Buried and submerged conduits, as well as other buried and submerged metallic structures such as tanks are ubiquitously used for storing and carrying various materials, such as water, natural gas, oil, and sewage. A major problem with buried and submerged metallic structures, or concrete with metal reinforcements, is corrosion. The severity and rate of corrosion is dependent on the type of material comprising the structure and the environment in which the structure is buried. Buried conduits in particular are an important part of the infrastructure in the United States and the world. Significant costs are involved in design, development, manufacture, and installation of water, gas, and sewage systems to ensure the longevity of buried conduits and other metallic structures. Failure of these systems from conduit corrosion represents appreciable costs. Corrosion of buried conduits and metallic structures is a major economic, environmental, and safety problem.
The control of corrosion of metals has been a quest of producers and consumers for the entire history of ferrous materials. Corrosion is the deterioration of a material, in most cases a metal, because of a reaction to its environment. Corrosion mainly occurs through an electrochemical process. For corrosion to occur, the following basic elements are required: an anode (the corroding metal); a cathode (the non-corroding metal); an electrically-conductive electrolyte in which the anode and cathode are immersed, such as ionized water or soil; and a current path connecting the anode and the cathode. Additionally, there must be an electric potential difference between the anode and cathode. When these elements are present, a complete electrical circuit referred to as a corrosion cell is formed. Through such a corrosion cell, an electric current flows from the anode to the cathode, carrying metallic ions with it and causing the anode to corrode. Corrosion protection systems seek to control corrosion by disrupting the operation of a corrosion cell.

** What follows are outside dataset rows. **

lemma sum_card_blocks_through_Int_le:
  assumes "finite A" "x \<notin> A"
  shows "(\<Sum>C\<in>blocks_through x. card (C \<inter> A)) \<le> card A"
proof -
  have "(\<Sum>C\<in>blocks_through x. card (C \<inter> A)) = card (\<Union>C\<in>blocks_through x. C \<inter> A)"
  proof (rule card_UN_disjoint[symmetric])
    show "\<forall>C\<in>blocks_through x. \<forall>D\<in>blocks_through x. C \<noteq> D \<longrightarrow> C \<inter> A \<inter> (D \<inter> A) = {}"
    proof (intro ballI impI)
      fix C D assume "C \<in> blocks_through x" "D \<in> blocks_through x" "C \<noteq> D"
      then have "C \<inter> D = {x}" by (rule blocks_through_inter)
      with assms(2) show "C \<inter> A \<inter> (D \<inter> A) = {}" by auto
    qed
  qed (simp_all add: finite_blocks_through assms(1))
  also have "\<dots> \<le> card A" using assms(1) by (intro card_mono) auto
  finally show ?thesis .
qed

lemma card_blocks_through_meeting_le:
  assumes "finite A" "x \<notin> A"
  shows "card {C \<in> blocks_through x. C \<inter> A \<noteq> {}} \<le> card A"
proof -
  let ?M = "{C \<in> blocks_through x. C \<inter> A \<noteq> {}}"
  have "card ?M = (\<Sum>C\<in>?M. 1)" by simp
  also have "\<dots> \<le> (\<Sum>C\<in>?M. card (C \<inter> A))"
    using assms(1) by (intro sum_mono) (simp add: Suc_leI card_gt_0_iff)
  also have "\<dots> \<le> (\<Sum>C\<in>blocks_through x. card (C \<inter> A))"
    using finite_blocks_through by (intro sum_mono2) auto
  also have "\<dots> \<le> card A" using assms by (rule sum_card_blocks_through_Int_le)
  finally show ?thesis .
qed

lemma sum_card_uncovered_le:
  "(\<Sum>C\<in>blocks_through x. card (C \<inter> uncovered)) \<le> card uncovered"
  using x_covered finite_X
  by (intro sum_card_blocks_through_Int_le) (auto simp: uncovered_def)

lemma Int_covered_eq_insert:
  assumes "C \<in> blocks_through x"
  shows "C \<inter> covered = insert x (C \<inter> (covered - b))"
  using blocks_through_inter_base[OF assms] base_subset_covered x_covered by blast

lemma card_Int_covered:
  assumes "C \<in> blocks_through x"
  shows "card (C \<inter> covered) = card (C \<inter> (covered - b)) + 1"
  using Int_covered_eq_insert[OF assms] finite_covered x_in_b by simp

lemma pendant_blocks_iff_card:
  assumes "C \<in> blocks_through x"
  shows "C \<in> pendant_blocks x \<longleftrightarrow> card (C \<inter> covered) = 1"
proof -
  have "C \<in> pendant_blocks x \<longleftrightarrow> C \<inter> (covered - b) = {}"
    using Int_covered_eq_insert[OF assms] assms x_in_b unfolding pendant_blocks_def by auto
  also have "\<dots> \<longleftrightarrow> card (C \<inter> covered) = 1"
    using card_Int_covered[OF assms] finite_covered by simp
  finally show ?thesis .
qed

lemma sum_card_covered_le:
  "(\<Sum>C\<in>blocks_through x. card (C \<inter> covered) - 1) \<le> k * (\<rho> - 1)"
proof -
  have "(\<Sum>C\<in>blocks_through x. card (C \<inter> covered) - 1)
      = (\<Sum>C\<in>blocks_through x. card (C \<inter> (covered - b)))"
    using card_Int_covered by (intro sum.cong) auto
  also have "\<dots> \<le> card (covered - b)"
    using finite_covered x_in_b by (intro sum_card_blocks_through_Int_le) auto
  also have "\<dots> = k * (\<rho> - 1)"
  proof -
    have "b \<in> B" using b_in_P P_subset by blast
    then have "card (covered - b) = k * \<rho> - k"
      using card_Diff_subset[OF finite_block base_subset_covered] card_block card_covered by simp
    then show ?thesis by (simp add: diff_mult_distrib2)
  qed
  finally show ?thesis .
qed

lemma weight_le_pendant:
  "weight x \<le> real (card (pendant_blocks x)) + real k * (real \<rho> - 1) / 2"
proof -
  have reciprocal_le: "1 / real t \<le> of_bool (t = 1) + real (t - 1) / 2" if "1 \<le> t" for t :: nat
  proof (cases "t = 1")
    case False
    with that have "2 \<le> t" by simp
    then have "1 / real t \<le> 1 / 2" by (intro divide_left_mono) auto
    moreover have "1 \<le> real (t - 1)" using \<open>2 \<le> t\<close> by linarith
    moreover have "of_bool (t = 1) = (0 :: real)" using False by simp
    ultimately show ?thesis by linarith
  qed simp
  have "weight x \<le> (\<Sum>C\<in>blocks_through x.
      of_bool (C \<in> pendant_blocks x) + real (card (C \<inter> covered) - 1) / 2)"
    unfolding weight_def
  proof (intro sum_mono)
    fix C assume C: "C \<in> blocks_through x"
    have "1 \<le> card (C \<inter> covered)" using card_Int_covered[OF C] by simp
    from reciprocal_le[OF this] show "1 / real (card (C \<inter> covered))
        \<le> of_bool (C \<in> pendant_blocks x) + real (card (C \<inter> covered) - 1) / 2"
      unfolding pendant_blocks_iff_card[OF C] .
  qed
  also have "\<dots> = real (card (pendant_blocks x))
      + real (\<Sum>C\<in>blocks_through x. card (C \<inter> covered) - 1) / 2"
  proof -
    have "blocks_through x \<inter> {C. C \<in> pendant_blocks x} = pendant_blocks x"
      unfolding pendant_blocks_def by auto
    then show ?thesis
      using finite_blocks_through by (simp add: sum.distrib sum_divide_distrib)
  qed
  also have "\<dots> \<le> real (card (pendant_blocks x)) + real (k * (\<rho> - 1)) / 2"
    using sum_card_covered_le by (simp only: of_nat_le_iff divide_right_mono add_left_mono)
  finally show ?thesis using rho_pos by (simp add: of_nat_diff)
qed

lemma weight_le_uncovered:
  assumes "k = 4"
  shows "3 * weight x \<le> real (card uncovered) + real \<rho> - 1"
proof -
  have twelve_div_le: "12 / real t \<le> 4 * real (4 - t) + real (t - 1)"
    if "1 \<le> t" "t \<le> 4" for t :: nat
  proof -
    have "t \<in> {1, 2, 3, 4}" using that by auto
    then show ?thesis by (elim insertE) auto
  qed
  have "12 * weight x = (\<Sum>C\<in>blocks_through x. 12 / real (card (C \<inter> covered)))"
    unfolding weight_def by (simp add: sum_distrib_left)
  also have "\<dots> \<le> (\<Sum>C\<in>blocks_through x.
      4 * real (card (C \<inter> uncovered)) + real (card (C \<inter> covered) - 1))"
  proof (intro sum_mono)
    fix C assume C: "C \<in> blocks_through x"
    then have "C \<in> B" unfolding blocks_through_def by simp
    have "1 \<le> card (C \<inter> covered)" "card (C \<inter> covered) \<le> 4"
      using card_Int_covered[OF C] card_Int_covered_le[OF \<open>C \<in> B\<close>] assms by auto
    then show "12 / real (card (C \<inter> covered))
        \<le> 4 * real (card (C \<inter> uncovered)) + real (card (C \<inter> covered) - 1)"
      using twelve_div_le card_Int_uncovered[OF \<open>C \<in> B\<close>] assms by simp
  qed
  also have "\<dots> = 4 * real (\<Sum>C\<in>blocks_through x. card (C \<inter> uncovered))
      + real (\<Sum>C\<in>blocks_through x. card (C \<inter> covered) - 1)"
    by (simp add: sum.distrib sum_distrib_left)
  also have "\<dots> \<le> 4 * real (card uncovered) + real (k * (\<rho> - 1))"
    using sum_card_uncovered_le sum_card_covered_le
    by (simp only: of_nat_le_iff add_mono mult_left_mono)
  finally show ?thesis using rho_pos assms by (simp add: of_nat_diff)
qed

end

lemma pendant_blocks_meet:
  assumes "b \<in> P" "x \<in> b" "y \<in> b" "x \<noteq> y"
    and C: "C \<in> pendant_blocks x" and D: "D \<in> pendant_blocks y"
  shows "C \<inter> D \<noteq> {}"
proof
  assume CD: "C \<inter> D = {}"
  have misses_rest: "E \<inter> c = {} \<and> c \<inter> E = {}"
    if "E \<inter> covered = {z}" "z \<in> b" "c \<in> P - {b}" for E z c
  proof -
    have "c \<subseteq> covered" "z \<notin> c"
      using that(2,3) P_disjoint \<open>b \<in> P\<close> unfolding covered_def by blast+
    then show ?thesis using that(1) by auto
  qed
  have C': "C \<in> B" "C \<notin> P" "x \<in> C" "C \<inter> covered = {x}"
    and D': "D \<in> B" "D \<notin> P" "D \<inter> covered = {y}"
    using C D unfolding pendant_blocks_def blocks_through_def by auto
  define P' where "P' = insert C (insert D (P - {b}))"
  have rest: "E \<inter> c = {} \<and> c \<inter> E = {}" if "E \<in> {C, D}" "c \<in> P - {b}" for E c
    using that misses_rest[OF C'(4) \<open>x \<in> b\<close>] misses_rest[OF D'(3) \<open>y \<in> b\<close>] by blast
  have "ppc B P'"
    unfolding ppc_def
  proof (intro conjI ballI impI)
    show "P' \<subseteq> B" unfolding P'_def using C' D' P_subset by blast
    fix c1 c2 assume "c1 \<in> P'" "c2 \<in> P'" "c1 \<noteq> c2"
    then consider "c1 \<in> {C, D}" "c2 \<in> {C, D}" | "c1 \<in> {C, D}" "c2 \<in> P - {b}"
      | "c1 \<in> P - {b}" "c2 \<in> {C, D}" | "c1 \<in> P - {b}" "c2 \<in> P - {b}"
      unfolding P'_def by blast
    then show "c1 \<inter> c2 = {}"
    proof cases
      case 1
      then show ?thesis using CD \<open>c1 \<noteq> c2\<close> by (auto simp: Int_commute)
    next
      case 2
      then show ?thesis using rest by blast
    next
      case 3
      then show ?thesis using rest by blast
    next
      case 4
      then show ?thesis using P_disjoint \<open>c1 \<noteq> c2\<close> by blast
    qed
  qed
  moreover have "card P' = \<rho> + 1"
  proof -
    have "C \<noteq> D" using CD C'(3) by auto
    moreover have "card (P - {b}) = \<rho> - 1" using card_P \<open>b \<in> P\<close> finite_P by simp
    ultimately show ?thesis
      unfolding P'_def using C'(2) D'(2) finite_P rho_pos[OF \<open>x \<in> b\<close> \<open>b \<in> P\<close>] by simp
  qed
  ultimately show False using no_larger_ppc by blast
qed

lemma pendant_blocks_empty:
  assumes b: "b \<in> P" "x \<in> b" "y \<in> b" "x \<noteq> y"
    and many: "k \<le> card (pendant_blocks x)"
  shows "pendant_blocks y = {}"
proof (rule ccontr)
  assume "pendant_blocks y \<noteq> {}"
  then obtain D where D: "D \<in> pendant_blocks y" by blast
  then have "D \<in> B" "y \<in> D" "D \<inter> covered = {y}"
    unfolding pendant_blocks_def blocks_through_def by auto
  have "x \<notin> D - {y}" using \<open>D \<inter> covered = {y}\<close> x_covered[OF b(2,1)] b(4) by blast
  have "pendant_blocks x \<subseteq> {C \<in> blocks_through x. C \<inter> (D - {y}) \<noteq> {}}"
  proof
    fix C assume C: "C \<in> pendant_blocks x"
    have "C \<inter> D \<noteq> {}" using pendant_blocks_meet[OF b C D] .
    moreover have "y \<notin> C"
      using C x_covered[OF b(3,1)] b(4) unfolding pendant_blocks_def by auto
    ultimately show "C \<in> {C \<in> blocks_through x. C \<inter> (D - {y}) \<noteq> {}}"
      using C unfolding pendant_blocks_def by blast
  qed
  then have "card (pendant_blocks x) \<le> card {C \<in> blocks_through x. C \<inter> (D - {y}) \<noteq> {}}"
    using finite_blocks_through by (intro card_mono) auto
  also have "\<dots> \<le> card (D - {y})"
    using finite_block[OF \<open>D \<in> B\<close>] \<open>x \<notin> D - {y}\<close> by (intro card_blocks_through_meeting_le[OF b(2,1)]) auto
  also have "\<dots> = k - 1"
    using card_block[OF \<open>D \<in> B\<close>] \<open>y \<in> D\<close> finite_block[OF \<open>D \<in> B\<close>] by simp
  finally have "k \<le> k - 1" using many by linarith
  moreover have "0 < k"
    using card_block[OF \<open>D \<in> B\<close>] \<open>y \<in> D\<close> finite_block[OF \<open>D \<in> B\<close>] card_gt_0_iff by blast
  ultimately show False by linarith
qed

context
  assumes k_eq_4: "k = 4"
begin

lemma sum_weight_P_block_le:
  assumes b: "b \<in> P" and many_uncovered: "5 * \<rho> + 31 \<le> card uncovered"
  shows "(\<Sum>x\<in>b. weight x) \<le> (real (card uncovered) + real \<rho> - 1) / 3 + 6 * (real \<rho> - 1)"
proof -
  have "finite b" "card b = 4" using b P_subset finite_block card_block k_eq_4 by auto
  show ?thesis
  proof (cases "\<exists>x\<in>b. 4 \<le> card (pendant_blocks x)")
    case True
    then obtain x where x: "x \<in> b" "4 \<le> card (pendant_blocks x)" by blast
    have "weight y \<le> 2 * (real \<rho> - 1)" if "y \<in> b - {x}" for y
      using that weight_le_pendant[of y b] pendant_blocks_empty[OF b x(1), of y] x(2) b k_eq_4
      by auto
    then have "(\<Sum>y\<in>b - {x}. weight y) \<le> (\<Sum>y\<in>b - {x}. 2 * (real \<rho> - 1))"
      by (rule sum_mono)
    also have "\<dots> = 6 * (real \<rho> - 1)" using \<open>card b = 4\<close> \<open>finite b\<close> x(1) by simp
    finally have "(\<Sum>y\<in>b - {x}. weight y) \<le> 6 * (real \<rho> - 1)" .
    moreover have "weight x \<le> (real (card uncovered) + real \<rho> - 1) / 3"
      using weight_le_uncovered[OF x(1) b k_eq_4] by simp
    moreover have "(\<Sum>y\<in>b. weight y) = weight x + (\<Sum>y\<in>b - {x}. weight y)"
      using \<open>finite b\<close> x(1) by (simp add: sum.remove)
    ultimately show ?thesis by linarith
  next
    case False
    have "weight y \<le> 3 + 2 * (real \<rho> - 1)" if "y \<in> b" for y
    proof -
      have "\<not> 4 \<le> card (pendant_blocks y)" using False that by blast
      then have "real (card (pendant_blocks y)) \<le> 3" by simp
      moreover have "weight y \<le> real (card (pendant_blocks y)) + 2 * (real \<rho> - 1)"
        using weight_le_pendant[OF that b] k_eq_4 by (simp add: field_simps)
      ultimately show ?thesis by linarith
    qed
    then have "(\<Sum>y\<in>b. weight y) \<le> (\<Sum>y\<in>b. 3 + 2 * (real \<rho> - 1))" by (rule sum_mono)
    also have "\<dots> = 4 * (3 + 2 * (real \<rho> - 1))" using \<open>card b = 4\<close> by simp
    finally have "(\<Sum>y\<in>b. weight y) \<le> 4 * (3 + 2 * (real \<rho> - 1))" .
    moreover have "real (5 * \<rho> + 31) \<le> real (card uncovered)"
      using many_uncovered by (rule of_nat_mono)
    ultimately show ?thesis by (simp add: field_simps)
  qed
qed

Traditionally, buried and submerged metallic or metal reinforced structures are protected from corrosive environments by means of environmental barrier systems and/or cathodic protection systems. The materials used in barrier systems have high electrical resistance, and disrupt the corrosion cell by electrically isolating the metallic structure from the surrounding electrolyte environment. The types of barrier systems include 1) coatings that are tightly bound to the outer surface of the metallic structures, 2) wraps that are tightly fixed to the outer surface of the metallic structures using adhesives, and 3) loose polyethylene sleeves or wraps that are not bonded to the outer surface. Cathodic protection systems reduce corrosion by disrupting the difference in the electrical potential between the anode and the cathode. The principles of cathodic protection are based on minimizing the electrical potential between the anode and the cathode, as well as producing current flow in the proper direction to protect the metallic structure. This can be achieved by applying a current to the structure to be protected, such as a pipeline, from some outside source. When enough current is applied, the structure becomes a cathode in the corrosion cell, and thus a non-corroding metal. The types of cathodic protection systems are 1) impressed current systems whereby a current is supplied from an external power source or 2) sacrificial anode systems that rely on the corrosive potential of different metals, and include an anode that corrodes sacrificially to protect the metallic structure.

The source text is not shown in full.